Produkt: Sticks 07-08/2019
Sticks 07-08/2019
STEWART COPELAND - Orchester-Rausch! +++ LUIS RIBEIRO (The World of Hans Zimmer) +++ YAMAHA Live Custom Hybrid Oak Drums +++ LP PRO Tambourines +++ K ZILDJIAN Cluster Crash Cymbals
CLASSIC DRUMMER SPECIAL

The World of Duke Ellington WDR Big Band Köln

Herzlich Willkommen zu einem „Classic Drummer Special“. In dieser Folge werde ich unserem Konzept etwas untreu, denn ich widme mich diesmal nicht einem Schlagzeuger vergangener Tage, sondern gleich drei Herrschaften, die ihre aktiven Tage noch lange nicht hinter sich gelassen haben, nämlich Grady Tate, Jeff Hamilton und John Riley.

THE WORLD OF DUKE ELLINGTON Timo Ickenroth WDR BIG BAND KÖLN

Anzeige

Den Anlass dazu hat mir eine Veröffentlichung der in Köln ansässigen WDR Big Band gegeben.
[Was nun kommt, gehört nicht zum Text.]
lemma Eng_ge_min_candidates:
  assumes "1 \<le> \<bar>x\<bar>"
  shows "min (x\<^sup>2) (min ((\<bar>x\<bar> - 1)\<^sup>2 + \<alpha> * t) \<alpha>) \<le> Eng t \<alpha> x q"
proof -
  consider "q = 0" | "q \<noteq> 0" "\<bar>q\<bar> \<le> 1" | "1 < \<bar>q\<bar>" by linarith
  then show ?thesis
  proof cases
    case 2
    have "\<bar>x\<bar> - 1 \<le> \<bar>x - q\<bar>" using 2 by linarith
    then have "(\<bar>x\<bar> - 1)\<^sup>2 \<le> (x - q)\<^sup>2"
      using assms power_mono[of "\<bar>x\<bar> - 1" "\<bar>x - q\<bar>" 2] by simp
    then show ?thesis using 2 by (simp add: Eng_def Ht_def)
  next
    case 3
    then have "\<alpha> \<le> Eng t \<alpha> x q" by (auto simp: Eng_def Ht_def)
    then show ?thesis by simp
  qed (simp add: Eng_def Ht_def)
qed

lemma is_global_min_EngI:
  assumes "1 \<le> \<bar>x\<bar>"
    and "Eng t \<alpha> x p \<le> x\<^sup>2"
    and "Eng t \<alpha> x p \<le> (\<bar>x\<bar> - 1)\<^sup>2 + \<alpha> * t"
    and "Eng t \<alpha> x p \<le> \<alpha>"
  shows "is_global_min (Eng t \<alpha> x) p"
  unfolding is_global_min_def
  using assms Eng_ge_min_candidates[OF assms(1)] by (meson min.boundedI order_trans)

lemma sgn_le_self_iff:
  assumes "1 \<le> \<bar>x\<bar>"
  shows "(\<bar>x\<bar> - 1)\<^sup>2 + \<alpha> * t \<le> \<alpha> \<longleftrightarrow> \<bar>x\<bar> \<le> 1 + sqrt (\<alpha> * (1 - t))"
proof -
  have "(\<bar>x\<bar> - 1)\<^sup>2 + \<alpha> * t \<le> \<alpha> \<longleftrightarrow> (\<bar>x\<bar> - 1)\<^sup>2 \<le> \<alpha> * (1 - t)"
    by (simp add: algebra_simps)
  also have "\<dots> \<longleftrightarrow> \<bar>x\<bar> - 1 \<le> sqrt (\<alpha> * (1 - t))"
    using assms real_le_rsqrt sqrt_ge_absD[of "\<bar>x\<bar> - 1"] by force
  finally show ?thesis by linarith
qed

lemma is_global_min_Eng_zero:
  assumes "1 \<le> \<bar>x\<bar>" "\<bar>x\<bar> \<le> sqrt \<alpha>" "2 * \<bar>x\<bar> - 1 \<le> \<alpha> * t"
  shows "is_global_min (Eng t \<alpha> x) 0"
proof (rule is_global_min_EngI)
  show "Eng t \<alpha> x 0 \<le> \<alpha>"
    using sqrt_ge_absD[OF assms(2)] by (simp add: Eng_zero)
  show "Eng t \<alpha> x 0 \<le> (\<bar>x\<bar> - 1)\<^sup>2 + \<alpha> * t"
    using assms by (simp add: Eng_zero power2_eq_square algebra_simps)
qed (use assms in \<open>simp_all add: Eng_zero\<close>)

lemma is_global_min_Eng_sgn:
  assumes "1 \<le> \<bar>x\<bar>" "\<alpha> * t \<le> 2 * \<bar>x\<bar> - 1" "\<bar>x\<bar> \<le> 1 + sqrt (\<alpha> * (1 - t))"
  shows "is_global_min (Eng t \<alpha> x) (sgn x)"
proof (rule is_global_min_EngI)
  have "x \<noteq> 0" using assms(1) by auto
  then show "Eng t \<alpha> x (sgn x) \<le> x\<^sup>2"
    using assms(2) by (simp add: Eng_sgn power2_eq_square algebra_simps)
  show "Eng t \<alpha> x (sgn x) \<le> \<alpha>"
    using \<open>x \<noteq> 0\<close> assms sgn_le_self_iff by (simp add: Eng_sgn)
qed (use assms in \<open>auto simp: Eng_sgn\<close>)
lemma limitin_ord_topology_incseq_Sup:
  fixes L :: "'a::linorder set" and g :: "nat \<Rightarrow> 'a"
  assumes "incseq g" "\<And>k. g k \<in> L" "l \<in> L" "\<And>k. g k < l" and sup: "\<And>a. a < l \<Longrightarrow> \<exists>k. a < g k"
  shows "limitin (ord_topology L) g l sequentially"
  unfolding limitin_def
proof (intro conjI allI impI)
  show "l \<in> topspace (ord_topology L)" using assms by simp
  fix U assume "openin (ord_topology L) U \<and> l \<in> U"
  moreover have "\<exists>w. z < w \<and> w < l" if "z < l" for z
    using sup[OF that] assms(4) by blast
  ultimately obtain c where "c < l" and c: "{z \<in> L. c \<le> z \<and> z < l} \<subseteq> U"
    using openin_ord_topology_left_interval[of L U l "g 0"] assms(4) by blast
  then obtain k0 where "c < g k0" using sup by blast
  then have "g k \<in> U" if "k0 \<le> k" for k
    using c assms(2,4) incseqD[OF assms(1) that] by fastforce
  then show "\<forall>\<^sub>F k in sequentially. g k \<in> U"
    unfolding eventually_sequentially by blast
qed

lemma limitin_sequentially_eventually_const:
  "l \<in> topspace X \<Longrightarrow> \<forall>k\<ge>N. g k = l \<Longrightarrow> limitin X g l sequentially"
  by (rule limitin_eventually) (auto simp: eventually_sequentially)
Im Oktober 2008 brachte sie eine CD-Box unter dem Titel „The World Of Duke Ellington“ heraus. Die Aufnahmen dieser Trilogie entstanden bei drei ausverkauften Konzerten in der Kölner Philharmonie. An allen drei Veranstaltungen ist die 2007 mit einem Grammy ausgezeichnete Big Band mit unterschiedlichen namhaften Gästen zu hören, darunter auch die oben erwähnte Drummer. Ein Grund, mal genauer hinzuschauen, bzw. zu hören, wie diese Schlagzeuger Duke Ellingtons Musik neu interpretieren und in Szene setzen.

VOLUME 1

Beginnen möchte ich mit dem Anfang der Trilogie, Volume 1, aufgenommen am 16. Mai 1994. Vor allem Klassiker aus der Feder von Ellington und seinem langjährigen Partner Billy Strayhorn wurden hier unter der Leitung von Jerry van Royen eingespielt: „Take The A-Train“, „It Don’t Mean A Thing“ oder „Don’t Get Around Much Anymore“.

Am Schlagzeug saß Grady Tate, geboren 1932 in Durham in North Carolina. Er begleitete schon Künstler wie Quincy Jones, Lionel Hampton, Ella Fitzgerald, Aretha Franklin, Count Basie, Bill Evans, Oscar Peterson, Paul Simon und hat auch schon beim Titelgeber dieser CD-Reihe, nämlich bei Duke Ellington selbst, die Sticks geschwungen.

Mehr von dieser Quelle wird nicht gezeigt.